You don't need 10 case studies. You need two or three that genuinely demonstrate competence in your chosen skill. That's enough to start landing paid work.

Pricing: Start Higher Than You Think

Talented people are charging way too little because they're scared.

$15/hour for someone who knows how to manage a Meta Ads account is laughable. Brands are used to paying agencies $3,000-8,000/month for the same work. You're not an agency (yet), but you're also not a college intern.

A good starting point for digital marketing side hustle work:

  • Hourly: $50-75/hour depending on skill and experience
  • Retainer: $1,000-2,500/month for ongoing management
  • Project-based: $500-2,000 for a one-time deliverable (audit, email flow build, etc.)

The lower end of those ranges is for your first few clients while you're building confidence and testimonials. Don't anchor there forever. Every time you get a strong result, your rate should go up.

Part-Time vs. Full-Time: Know Which Game You're Playing

This matters more than most people realize when they're starting out.

Understanding the difference between full-time vs part-time freelancing changes your entire strategy. If you're doing this as a side hustle while employed, your priorities look different than someone going all-in.

Side hustle mode (part-time):

  • 5-15 hours/week available
  • 1-3 clients max to avoid burnout
  • Prioritize high-value, low-maintenance retainers
  • Focus on simplicity: deliverables you can execute quickly

Full-time freelance mode:

  • 30-40+ hours/week available
  • Can handle 4-8 clients depending on scope
  • Client diversity matters more (don't put all eggs in one basket)
  • Business development becomes a real priority: pipelines, referrals, networking

When I started freelancing full-time after leaving Mutesix post-acquisition, I quickly had more leads than I could handle. 

That's how Betterly was born. I needed somewhere to send the overflow. But I wasn't ready for that volume because I hadn't thought seriously about how many clients I could actually serve well.

Don't make that mistake. Know your capacity before you say yes to everyone.

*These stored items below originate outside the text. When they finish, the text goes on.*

definition membership_mat :: "('n \<Rightarrow> 'k) \<Rightarrow> ('n \<Rightarrow> real) \<Rightarrow> real^'k^'n" where
  "membership_mat g \<gamma> = (\<chi> i k. if g i = k then \<gamma> i else 0)"

lemma transpose_membership_mat_mult_self:
  fixes g :: "'n::finite \<Rightarrow> 'k::finite"
  assumes unit: "\<And>k. (\<Sum>i | g i = k. (\<gamma> i)\<^sup>2) = 1"
  shows "transpose (membership_mat g \<gamma>) ** membership_mat g \<gamma> = mat 1"
proof -
  have "(\<Sum>i\<in>UNIV. (if g i = k then \<gamma> i else 0) * (if g i = l then \<gamma> i else 0))
      = (if k = l then 1 else 0)" for k l
    using unit by (simp add: sum.If_cases power2_eq_square if_distrib[of "\<lambda>x. x * _"] cong: if_cong)
  then show ?thesis
    by (simp add: vec_eq_iff matrix_matrix_mult_def membership_mat_def transpose_def mat_def)
qed

lemma block_structured_eq_membership_mat_mult:
  assumes "\<And>i j. N$i$j = \<gamma> i * W (g i) (g j)"
  shows "N = membership_mat g \<gamma> ** (\<chi> k j. W k (g j))"
  using assms unfolding vec_eq_iff matrix_matrix_mult_component membership_mat_def
  by (simp add: if_distrib[of "\<lambda>x. x * _"] cong: if_cong)

lemma mult_transpose_mult_eq_if_orthonormal_columns:
  fixes G :: "real^'k::finite^'n::finite"
  assumes "transpose G ** G = mat 1" and "N = G ** M"
  shows "G ** (transpose G ** N ** G) = N ** G"
  using assms by (simp add: matrix_mul_assoc)

lemma norm_mult_vec_orthonormal_columns:
  fixes G :: "real^'k::finite^'n::finite"
  assumes "transpose G ** G = mat 1"
  shows "norm (G *v a) = norm a"
proof -
  have "inner (G *v a) (G *v a) = inner ((G *v a) v* G) a"
    by (simp add: dot_lmul_matrix)
  also have "(G *v a) v* G = a"
    using assms by (simp flip: transpose_matrix_vector add: matrix_vector_mul_assoc)
  finally show ?thesis by (simp add: norm_eq_sqrt_inner)
qed

lemma intertwining_eigenvector:
  fixes G :: "real^'k::finite^'n::finite"
  assumes "N ** G = G ** F" and "F *v a = c *s a"
  shows "N *v (G *v a) = c *s (G *v a)"
proof -
  have "N *v (G *v a) = G *v (F *v a)"
    using assms(1) by (simp add: matrix_vector_mul_assoc)
  then show ?thesis
    using assms(2) by (simp add: vector_scalar_commute)
qed

(* Since g is surjective, inv g k is a representative node of community k. *)
definition community_basis :: "('n \<Rightarrow> 'k) \<Rightarrow> ('n \<Rightarrow> real) \<Rightarrow> real^'n^'n" where
  "community_basis g \<gamma> = (\<chi> i j.
     if inv g (g j) = j then (if g i = g j then \<gamma> i else 0)
     else (if i = j then 1 else 0) - (if i = inv g (g j) then 1 else 0))"

definition community_basis_inv :: "('n \<Rightarrow> 'k) \<Rightarrow> ('n \<Rightarrow> real) \<Rightarrow> real^'n^'n" where
  "community_basis_inv g \<gamma> = (\<chi> a i.
     (if inv g (g a) \<noteq> a \<and> i = a then 1 else 0)
     + (if g i = g a then (if inv g (g a) = a then 1 else - \<gamma> a) / (\<Sum>l | g l = g a. \<gamma> l) else 0))"

lemma community_sum_community_basis:
  fixes g :: "'n::finite \<Rightarrow> 'k::finite"
  assumes "surj g"
  shows "(\<Sum>i | g i = k. community_basis g \<gamma> $ i $ b)
    = (if inv g (g b) = b \<and> g b = k then (\<Sum>l | g l = k. \<gamma> l) else 0)"
proof (cases "inv g (g b) = b")
  case True
  have "(\<Sum>i | g i = k. community_basis g \<gamma> $ i $ b) = (\<Sum>i | g i = k. if g b = k then \<gamma> i else 0)"
    using True by (intro sum.cong) (auto simp: community_basis_def)
  then show ?thesis
    using True by simp
next
  case False
  have "(\<Sum>i | g i = k. community_basis g \<gamma> $ i $ b)
      = (\<Sum>i | g i = k. if i = b then 1 else 0) - (\<Sum>i | g i = k. if i = inv g (g b) then 1 else 0)"
    using False by (simp add: community_basis_def sum_subtractf)
  also have "\<dots> = 0"
    by (simp add: sum.delta' surj_f_inv_f[OF assms])
  finally show ?thesis
    using False by simp
qed

lemma community_basis_inv_mult_component:
  fixes g :: "'n::finite \<Rightarrow> 'k" and S :: "real^'n^'n"
  shows "(community_basis_inv g \<gamma> ** S) $ a $ b
    = (if inv g (g a) \<noteq> a then S $ a $ b else 0)
      + (if inv g (g a) = a then 1 else - \<gamma> a) / (\<Sum>l | g l = g a. \<gamma> l) * (\<Sum>i | g i = g a. S $ i $ b)"
proof -
  define c where "c = (if inv g (g a) = a then 1 else - \<gamma> a) / (\<Sum>l | g l = g a. \<gamma> l)"
  have "community_basis_inv g \<gamma> $ a $ i
      = (if inv g (g a) \<noteq> a \<and> i = a then 1 else 0) + (if g i = g a then c else 0)" for i
    by (simp add: community_basis_inv_def c_def)
  then have "(community_basis_inv g \<gamma> ** S) $ a $ b
      = (\<Sum>i\<in>UNIV. if inv g (g a) \<noteq> a \<and> i = a then S $ i $ b else 0)
        + (\<Sum>i\<in>UNIV. if g i = g a then c * S $ i $ b else 0)"
    by (simp add: matrix_matrix_mult_component distrib_right sum.distrib if_distrib[of "\<lambda>x. x * _"]
        cong: if_cong)
  also have "\<dots> = (if inv g (g a) \<noteq> a then S $ a $ b else 0) + c * (\<Sum>i | g i = g a. S $ i $ b)"
    by (simp add: sum.inter_filter[symmetric] sum_distrib_left)
  finally show ?thesis
    unfolding c_def .
qed

lemma community_basis_inv_mult_community_basis:
  fixes g :: "'n::finite \<Rightarrow> 'k::finite"
  assumes "surj g" and community_sum_nz: "\<And>k. (\<Sum>l | g l = k. \<gamma> l) \<noteq> 0"
  shows "community_basis_inv g \<gamma> ** community_basis g \<gamma> = mat 1"
proof -
  have "(community_basis_inv g \<gamma> ** community_basis g \<gamma>) $ a $ b = (if a = b then 1 else 0)" for a b
  proof (cases "inv g (g a) = a")
    case True
    then have "inv g (g b) = b \<and> g b = g a \<longleftrightarrow> a = b" by metis
    with True show ?thesis
      using community_sum_nz
      by (auto simp: community_basis_inv_mult_component community_sum_community_basis[OF assms(1)])
  next
    case False
    then have "a \<noteq> inv g (g b)"
      using surj_f_inv_f[OF assms(1)] by metis
    then have "community_basis g \<gamma> $ a $ b
        = (if inv g (g b) = b then (if g a = g b then \<gamma> a else 0) else (if a = b then 1 else 0))"
      by (simp add: community_basis_def)
    with False show ?thesis
      using community_sum_nz[of "g a"]
      by (auto simp: community_basis_inv_mult_component community_sum_community_basis[OF assms(1)])
  qed
  then show ?thesis by (simp add: vec_eq_iff mat_def)
qed

lemma mult_community_basis:
  fixes g :: "'n::finite \<Rightarrow> 'k::finite" and N :: "real^'n^'n" and F :: "real^'k^'k"
  assumes "surj g"
    and columns_constant: "\<And>i j j'. g j = g j' \<Longrightarrow> N$i$j = N$i$j'"
    and intertwines: "N ** membership_mat g \<gamma> = membership_mat g \<gamma> ** F"
  shows "N ** community_basis g \<gamma>
    = community_basis g \<gamma> ** (\<chi> i j. if inv g (g i) = i \<and> inv g (g j) = j then F $ g i $ g j else 0)"
    (is "_ = _ ** ?F'")
proof -
  have "(N ** community_basis g \<gamma>) $ i $ j = (community_basis g \<gamma> ** ?F') $ i $ j" for i j
  proof (cases "inv g (g j) = j")
    case True
    have "(N ** community_basis g \<gamma>) $ i $ j = (N ** membership_mat g \<gamma>) $ i $ g j"
      using True by (simp add: matrix_matrix_mult_component community_basis_def membership_mat_def)
    also have "\<dots> = (membership_mat g \<gamma> ** F) $ i $ g j"
      by (simp add: intertwines)
    also have "\<dots> = \<gamma> i * F $ g i $ g j"
      by (simp add: matrix_matrix_mult_component membership_mat_def if_distrib[of "\<lambda>x. x * _"]
          cong: if_cong)
    also have "\<dots> = (community_basis g \<gamma> ** ?F') $ i $ j"
      unfolding matrix_matrix_mult_component using True surj_f_inv_f[OF assms(1)]
      by (subst sum_UNIV_eq_single[where a="inv g (g i)"]) (auto simp: community_basis_def)
    finally show ?thesis .
  next
    case False
    have "(N ** community_basis g \<gamma>) $ i $ j = N $ i $ j - N $ i $ inv g (g j)"
      using False by (simp add: matrix_matrix_mult_component community_basis_def right_diff_distrib
          sum_subtractf if_distrib[of "\<lambda>x. _ * x"] cong: if_cong)
    also have "\<dots> = 0"
      using columns_constant[where j="inv g (g j)" and j'=j] surj_f_inv_f[OF assms(1)] by simp
    also have "\<dots> = (community_basis g \<gamma> ** ?F') $ i $ j"
      using False by (simp add: matrix_matrix_mult_component)
    finally show ?thesis .
  qed
  then show ?thesis by (simp add: vec_eq_iff)
qed

lemma det_charmat_membership_intertwined:
  fixes g :: "'n::finite \<Rightarrow> 'k::finite" and N :: "real^'n^'n" and F :: "real^'k^'k"
  assumes "surj g"
    and weights_pos: "\<And>i. 0 < \<gamma> i"
    and columns_constant: "\<And>i j j'. g j = g j' \<Longrightarrow> N$i$j = N$i$j'"
    and intertwines: "N ** membership_mat g \<gamma> = membership_mat g \<gamma> ** F"
  shows "det (mat x - N) = x ^ (CARD('n) - CARD('k)) * det (mat x - F)"
proof -
  let ?F' = "\<chi> i j. if inv g (g i) = i \<and> inv g (g j) = j then F $ g i $ g j else 0"
  have "(\<Sum>l | g l = k. \<gamma> l) \<noteq> 0" for k
  proof -
    obtain i where "g i = k"
      using assms(1) by (metis surjD)
    then have "0 < (\<Sum>l | g l = k. \<gamma> l)"
      using weights_pos by (intro sum_pos2[where i=i]) (auto intro: less_imp_le)
    then show ?thesis by simp
  qed
  with assms(1) have "community_basis_inv g \<gamma> ** community_basis g \<gamma> = mat 1"
    by (rule community_basis_inv_mult_community_basis)
  moreover have "N ** community_basis g \<gamma> = community_basis g \<gamma> ** ?F'"
    using assms(1,3,4) by (rule mult_community_basis)
  ultimately have "det (mat x - N) = det (mat x - ?F')"
    by (rule det_charmat_similar)
  also have "\<dots> = x ^ (CARD('n) - CARD('k)) * det (mat x - F)"
  proof (rule det_embedded_block)
    show "g (inv g k) = k" for k
      using surj_f_inv_f[OF assms(1)] .
    have "i \<in> range (inv g) \<longleftrightarrow> inv g (g i) = i" for i
    proof
      show "i \<in> range (inv g) \<Longrightarrow> inv g (g i) = i"
        using surj_f_inv_f[OF assms(1)] by auto
    qed (metis rangeI)
    then show "(mat x - ?F') $ i $ j = (if i \<in> range (inv g) \<and> j \<in> range (inv g)
        then (mat x - F) $ g i $ g j else if i = j then x else 0)" for i j
      by (auto simp: mat_def)
  qed
  finally show ?thesis .
qed

lemma row_nonzero_if_invertible:
  fixes A :: "'a::field^'n::finite^'n"
  assumes "invertible A"
  shows "\<exists>j. A$i$j \<noteq> 0"
proof (rule ccontr)
  assume "\<nexists>j. A$i$j \<noteq> 0"
  then have "row i A = 0" by (simp add: row_def vec_eq_iff)
  then have "det A = 0" by (rule det_zero_row(2))
  with assms show False by (simp add: invertible_det_nz)
qed

lemma Zmat_mult_component: "(Zmat g ** A) $ i $ j = A $ g i $ j"
  unfolding matrix_matrix_mult_component Zmat_def
  by (simp add: if_distrib[of "\<lambda>x. x * _"] cong: if_cong)

lemma mult_transpose_Zmat_component: "(A ** transpose (Zmat g)) $ i $ j = A $ i $ g j"
  unfolding matrix_matrix_mult_component Zmat_def transpose_def
  by (simp add: if_distrib[of "\<lambda>x. _ * x"] cong: if_cong)

lemma Omega_component: "Omega g P \<theta> $ i $ j = \<theta>$i * P$g i$g j * \<theta>$j"
  unfolding Omega_def mult_diagm_component mult_transpose_Zmat_component
  by (simp add: matrix_mul_assoc[symmetric] diagm_mult_component Zmat_mult_component)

Where to Find Your First Clients

Platforms are training wheels. They're useful for getting started, terrible for building a sustainable business. Here's the honest breakdown:

Upwork

Best for building your first verified track record. Lower fees than Fiverr, and the client quality is genuinely higher. Use fixed-price projects initially to reduce friction.

Your own network

Underrated by 99% of people starting out. Post on LinkedIn about what you're doing. Tell former colleagues. Tell your friends. You'd be shocked how many small businesses are dying for help and just don't know where to look.

Referrals

The single best source of clients once you've done good work for even one or two people. Treat every early client like they're worth ten, because referred clients almost always are.

I built the early pipeline for Betterly entirely through word of mouth. No ads, no fancy funnel. Just reputation. That starts with your very first client.

What To Do Further?

Do one thing: decide on your skill, and create one portfolio piece.

Not two. Not five. One. A mock campaign analysis, a spec email flow, a before/after audit of a brand's Instagram (whatever fits your skill). Put it somewhere people can see it (a PDF, a Notion page, a simple website).

Then tell three people in your network that you're taking on freelance digital marketing clients. Just three.

That's the whole game at the start. Every sustainable freelance business I've seen (including the ones on Betterly) started with exactly that level of simplicity.

The digital marketing side hustle opportunity is real. It's also competitive. Pick a skill, develop genuine expertise, deliver results, and tell people about it. Go do that.